One might be tempted to try to shorten the computation using Wilson's theorem, $$ p\text{ prime} \quad\implies\quad (p-1)!\equiv-1\pmod p $$ Morley's (1895) congruence, $$ p=2n+1\text{ prime} \quad\implies\quad {2n\choose n}\equiv(-1)^n4^{2n}\pmod{p^3} $$ and/or Kummer's theorem using enough "landmark" primes near $n$ and $2n$, with extended Euclidean algorithm for inverses and the CRT (there's the catch!) to get the final result. For example, here are some prime pairs $q_i=2p_i+1$ near $n=10^6$ and $2n$: $$ \matrix{ i & p_i-n & q_i-2n \\ 1 & -251 & -501 \\ 2 & -191 & -381 \\ 3 & 151 & 303 \\ 4 & 193 & 387 \\ } $$ From Wilson's theorem for odd primes $q$, grouping $(q-1)!=(1\cdots\frac{q-1}2)(\frac{q+1}2\cdots q-1)$ and noting that the second term is $(-1)^\frac{q-1}2$ times the first term modulo $q$, we find that $$ \left(\left(\tfrac{q-1}{2}\right)!\right)^2 \equiv(-1)^{\frac{q+1}2} \pmod q $$ so that for prime pairs $q_i=2p_i+1$, $$ {2p_i\choose p_i}\equiv(-1)^{p_i}=-1\pmod{q_i}. $$ Thus we can compute (using the extended Euclidean algorithm for the inverses of $k$ modulo $q_i$) $$ {2n\choose n}\equiv-\prod_{k=p_i+1}^n\frac{4k-2}{k} \pmod{q_i} $$ for $i=1,2$ above. However, we cannot use the CRT to get $T(n)$. We would have to have enough prime pairs to reconstruct $S(n)$, and then compute its residue at the end. Since the central binomial coefficient is approximately $${2n\choose n}\approx\frac{4^n}{\sqrt{\pi n}}\left(1-\frac1{nc_n}\right),\qquad c_n\in(8,9)$$ we would need about 96 thousand pairs (p,q), making this approach infeasible.


First we address the overflow issue. Note that $10^9+7$ is relatively prime to all the numbers that come up in a naive calculation of $\binom{2n}{n}$. Indeed $10^9+7$ happens to be prime. So when we are calculating, we can always reduce modulo $10^9+7$ as often as necessary to prevent overflow.

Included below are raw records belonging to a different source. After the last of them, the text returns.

(* Let $I, J$ be completely regular Hausdorff spaces, $X, Y$ Hausdorff locally convex topological vector spaces over $\mathbb{C}$, with $X\otimes Y$ given a locally convex Hausdorff topology for which $(x,y)\mapsto x\otimes y$ is continuous. Then: (a) if $I \times J$ is locally compact, then $C_{0}(I \times J, X \otimes Y)$ is the closure of $C_{0}(I, X) \otimes C_{0}(J, Y)$ in the uniform topology; (b) $C_{b}(I \times J, X \otimes Y)$ is the closure of $C_{b}(I, X) \otimes C_{b}(J, Y)$ in the strict topology; (c) $C(I \times J, X \otimes Y)$ is the closure of $C(I, X) \otimes C(J, Y)$ in the compact-open topology (and in the point-open topology).
   Context: For $f:I\to X$, $g:J\to Y$, $(f\otimes g)(t,s)=f(t)\otimes g(s)$ and $\mathcal{W}\otimes\mathcal{V}=\mathrm{span}\{f\otimes g:f\in\mathcal{W},g\in\mathcal{V}\}$. For a locally convex $Z$ with seminorms $\mathfrak{A}$: $g:\Omega\to Z$ vanishes at infinity if for each $p\in\mathfrak{A}$, $\epsilon>0$ the closure of $\{x:p(g(x))\ge\epsilon\}$ is compact; $C_0(\Omega,Z)$ are continuous functions vanishing at infinity; $C_b(\Omega,Z)$ continuous functions with bounded range. The uniform topology uses seminorms $f\mapsto\sup_\Omega p(f)$. The strict topology on $C_b(\Omega,Z)$ ($\Omega$ completely regular Hausdorff) is given by seminorms $f\mapsto\sup_x v(x)p(f(x))$ where $p\in\mathfrak{A}$ and $v:\Omega\to\mathbb{R}_+$ ranges over upper semicontinuous functions vanishing at infinity. The compact-open (resp. point-open) topology uses seminorms $f\mapsto\sup_K p(f)$ with $K$ compact (resp. finite). *)

theory Defs
  imports "HOL-Analysis.Analysis"
begin

definition seminorm :: "(complex \<Rightarrow> 'x \<Rightarrow> 'x) \<Rightarrow> ('x::ab_group_add \<Rightarrow> real) \<Rightarrow> bool" where
  "seminorm s p \<longleftrightarrow> (\<forall>x y. p (x + y) \<le> p x + p y) \<and> (\<forall>c x. p (s c x) = cmod c * p x)"

text \<open>A Hausdorff locally convex space over the complex numbers: a complex vector space
  together with a separating family of seminorms defining its topology.\<close>
definition hlcs :: "(complex \<Rightarrow> 'x \<Rightarrow> 'x) \<Rightarrow> ('x::ab_group_add \<Rightarrow> real) set \<Rightarrow> bool" where
  "hlcs s A \<longleftrightarrow> vector_space s \<and> (\<forall>p\<in>A. seminorm s p) \<and> (\<forall>x. x \<noteq> 0 \<longrightarrow> (\<exists>p\<in>A. p x \<noteq> 0))"

definition semtop :: "('x::ab_group_add \<Rightarrow> real) set \<Rightarrow> 'x topology" where
  "semtop A = topology (\<lambda>U. \<forall>x\<in>U. \<exists>P e. finite P \<and> P \<subseteq> A \<and> e > 0 \<and>
                                  {y. \<forall>p\<in>P. p (y - x) < e} \<subseteq> U)"

text \<open>\<open>tp\<close> makes \<open>Z\<close> the algebraic tensor product \<open>X \<otimes> Y\<close> (up to isomorphism):
  \<open>tp\<close> is bilinear, its values span \<open>Z\<close>, and it maps pairs of linearly independent
  sets to linearly independent sets (so the induced map \<open>X \<otimes> Y \<rightarrow> Z\<close> is bijective).\<close>
definition alg_tensor ::
  "(complex \<Rightarrow> 'x \<Rightarrow> 'x) \<Rightarrow> (complex \<Rightarrow> 'y \<Rightarrow> 'y) \<Rightarrow> (complex \<Rightarrow> 'z \<Rightarrow> 'z)
     \<Rightarrow> ('x::ab_group_add \<Rightarrow> 'y::ab_group_add \<Rightarrow> 'z::ab_group_add) \<Rightarrow> bool" where
  "alg_tensor sX sY sZ tp \<longleftrightarrow>
     (\<forall>y. Vector_Spaces.linear sX sZ (\<lambda>x. tp x y)) \<and>
     (\<forall>x. Vector_Spaces.linear sY sZ (\<lambda>y. tp x y)) \<and>
     module.span sZ {tp x y | x y. True} = UNIV \<and>
     (\<forall>A B. \<not> module.dependent sX A \<and> \<not> module.dependent sY B \<longrightarrow>
        inj_on (\<lambda>(a, b). tp a b) (A \<times> B) \<and>
        \<not> module.dependent sZ ((\<lambda>(a, b). tp a b) ` (A \<times> B)))"

text \<open>Functions are taken extensional: zero outside the underlying space.\<close>
definition Cfun :: "'a topology \<Rightarrow> ('z::ab_group_add \<Rightarrow> real) set \<Rightarrow> ('a \<Rightarrow> 'z) set" where
  "Cfun \<Omega> A = {f. continuous_map \<Omega> (semtop A) f \<and> (\<forall>x. x \<notin> topspace \<Omega> \<longrightarrow> f x = 0)}"

definition vanishes_at_infinity :: "'a topology \<Rightarrow> ('z \<Rightarrow> real) set \<Rightarrow> ('a \<Rightarrow> 'z) \<Rightarrow> bool" where
  "vanishes_at_infinity \<Omega> A g \<longleftrightarrow>
     (\<forall>p\<in>A. \<forall>e>0. compactin \<Omega> (\<Omega> closure_of {x \<in> topspace \<Omega>. p (g x) \<ge> e}))"

definition C0fun :: "'a topology \<Rightarrow> ('z::ab_group_add \<Rightarrow> real) set \<Rightarrow> ('a \<Rightarrow> 'z) set" where
  "C0fun \<Omega> A = {f \<in> Cfun \<Omega> A. vanishes_at_infinity \<Omega> A f}"

definition Cbfun :: "'a topology \<Rightarrow> ('z::ab_group_add \<Rightarrow> real) set \<Rightarrow> ('a \<Rightarrow> 'z) set" where
  "Cbfun \<Omega> A = {f \<in> Cfun \<Omega> A. \<forall>p\<in>A. \<exists>C. \<forall>x\<in>topspace \<Omega>. p (f x) \<le> C}"

definition tensor_fun :: "('x \<Rightarrow> 'y \<Rightarrow> 'z) \<Rightarrow> ('i \<Rightarrow> 'x) \<Rightarrow> ('j \<Rightarrow> 'y) \<Rightarrow> ('i \<times> 'j \<Rightarrow> 'z)" where
  "tensor_fun tp f g = (\<lambda>(t, s). tp (f t) (g s))"

definition tensor_span ::
  "(complex \<Rightarrow> 'z \<Rightarrow> 'z) \<Rightarrow> ('x \<Rightarrow> 'y \<Rightarrow> 'z::ab_group_add) \<Rightarrow> ('i \<Rightarrow> 'x) set \<Rightarrow> ('j \<Rightarrow> 'y) set
     \<Rightarrow> ('i \<times> 'j \<Rightarrow> 'z) set" where
  "tensor_span sZ tp W V =
     {(\<lambda>u. \<Sum>k<(n::nat). sZ (c k) (tensor_fun tp (f k) (g k) u)) | n c f g.
        \<forall>k<n. f k \<in> W \<and> g k \<in> V}"

definition ssup :: "'a set \<Rightarrow> ('a \<Rightarrow> real) \<Rightarrow> real" where
  "ssup S h = Sup (insert 0 (h ` S))"

definition uniform_seminorms :: "'a topology \<Rightarrow> ('z \<Rightarrow> real) set \<Rightarrow> (('a \<Rightarrow> 'z) \<Rightarrow> real) set" where
  "uniform_seminorms \<Omega> A = {(\<lambda>f. ssup (topspace \<Omega>) (\<lambda>x. p (f x))) | p. p \<in> A}"

definition usc :: "'a topology \<Rightarrow> ('a \<Rightarrow> real) \<Rightarrow> bool" where
  "usc \<Omega> v \<longleftrightarrow> (\<forall>a. openin \<Omega> {x \<in> topspace \<Omega>. v x < a})"

definition strict_weight :: "'a topology \<Rightarrow> ('a \<Rightarrow> real) \<Rightarrow> bool" where
  "strict_weight \<Omega> v \<longleftrightarrow> (\<forall>x\<in>topspace \<Omega>. v x \<ge> 0) \<and> usc \<Omega> v \<and>
     (\<forall>e>0. compactin \<Omega> (\<Omega> closure_of {x \<in> topspace \<Omega>. \<bar>v x\<bar> \<ge> e}))"

definition strict_seminorms :: "'a topology \<Rightarrow> ('z \<Rightarrow> real) set \<Rightarrow> (('a \<Rightarrow> 'z) \<Rightarrow> real) set" where
  "strict_seminorms \<Omega> A = {(\<lambda>f. ssup (topspace \<Omega>) (\<lambda>x. v x * p (f x))) | p v. p \<in> A \<and> strict_weight \<Omega> v}"

definition compact_open_seminorms :: "'a topology \<Rightarrow> ('z \<Rightarrow> real) set \<Rightarrow> (('a \<Rightarrow> 'z) \<Rightarrow> real) set" where
  "compact_open_seminorms \<Omega> A = {(\<lambda>f. ssup K (\<lambda>x. p (f x))) | p K. p \<in> A \<and> compactin \<Omega> K}"

definition point_open_seminorms :: "'a topology \<Rightarrow> ('z \<Rightarrow> real) set \<Rightarrow> (('a \<Rightarrow> 'z) \<Rightarrow> real) set" where
  "point_open_seminorms \<Omega> A = {(\<lambda>f. ssup K (\<lambda>x. p (f x))) | p K. p \<in> A \<and> finite K \<and> K \<subseteq> topspace \<Omega>}"

definition closure_in_fs :: "(('a \<Rightarrow> 'z::ab_group_add) \<Rightarrow> real) set \<Rightarrow> ('a \<Rightarrow> 'z) set \<Rightarrow> ('a \<Rightarrow> 'z) set
     \<Rightarrow> ('a \<Rightarrow> 'z) set" where
  "closure_in_fs S M W = {F \<in> M. \<forall>P. finite P \<and> P \<subseteq> S \<longrightarrow>
      (\<forall>e>0. \<exists>w\<in>W. \<forall>q\<in>P. q (\<lambda>u. F u - w u) < e)}"

end

theory Submission
  imports Defs
begin

(*
  Fix F continuous on I \<times> J, finitely many seminorms with sum r, and compact sets K1 \<subseteq> I,
  K2 \<subseteq> J.  By the tube lemma every t \<in> K1 has a neighbourhood A_t with
  r (F (t', s) - F (t, s)) < \<eta>/2 for t' \<in> A_t and s near K2.  A partition of unity (\<alpha>_i) on K1
  subordinate to the A_i, followed by a partition of unity (\<beta>_j) on K2 subordinate to
  neighbourhoods of the points j on which every F (i, -) varies by less than \<eta>/2, gives

    w (t, s) = \<Sum>(i, j). \<alpha>_i t * \<beta>_j s * F (i, j),

  which is \<eta>-close to F on K1 \<times> K2 and satisfies p (w u) \<le> p (F u) + \<eta> everywhere.  It lies in
  the tensor span: F (i, j) is a finite sum of elementary tensors x \<otimes> y, and
  \<alpha>_i t * \<beta>_j s * (x \<otimes> y) = (\<alpha>_i t * x) \<otimes> (\<beta>_j s * y).  Each density statement follows by
  choosing the compact set: an arbitrary one (compact-open), one outside which the weights are
  small (strict), or one outside which F is small (C_0, where local compactness keeps the
  supports of the \<alpha>_i and \<beta>_j inside compact sets).  Continuity of \<otimes> at the origin gives
  p (x \<otimes> y) \<le> C * q x * q' y for continuous seminorms q, q', so the tensor spans lie in the
  respective function spaces.
*)

section \<open>Seminorms and the topology they generate\<close>

context
  fixes s :: "complex \<Rightarrow> 'x::ab_group_add \<Rightarrow> 'x" and p :: "'x \<Rightarrow> real"
  assumes vs: "vector_space s" and sn: "seminorm s p"
begin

Now to the identity. We have $n$ boys and $n$ girls. We want to choose $n$ people. The number of ways this can be done is $\binom{2n}{n}$. But we can choose $0$ boys and $n$ girls, or $1$ boy and $n-1$ girls, and so on. We can choose $k$ boys and $n-k$ girls in $\binom{n}{k}\binom{n}{n-k}$ ways, or equivalently in $\binom{n}{k}^2$ ways. This gives the standard derivation of the identity $$\binom{2n}{n}=\sum_{k=0}^n \binom{n}{k}^2.$$ Note now that the $\binom{2n}{n}$ choices are all equally likely. The expected number of boys is, by symmetry, equal to $\frac{n}{2}.$ But the probability that there are $k$ boys is $\frac{\binom{n}{k}^2}{\binom{2n}{n}}$, and therefore the expected number of boys is $$\sum_{k=0}^n k\frac{\binom{n}{k}^2}{\binom{2n}{n}}.$$ The term corresponding to $k=0$ is $0$, so can be omitted, and we get $$\sum_{k=1}^n k\frac{\binom{n}{k}^2}{\binom{2n}{n}}=\frac{n}{2},$$ which is essentially our identity.

Remark: There is a very nice book on bijective proofs called Proofs that Really Count. A title that so far doesn't seem to have been used is Mean Proofs.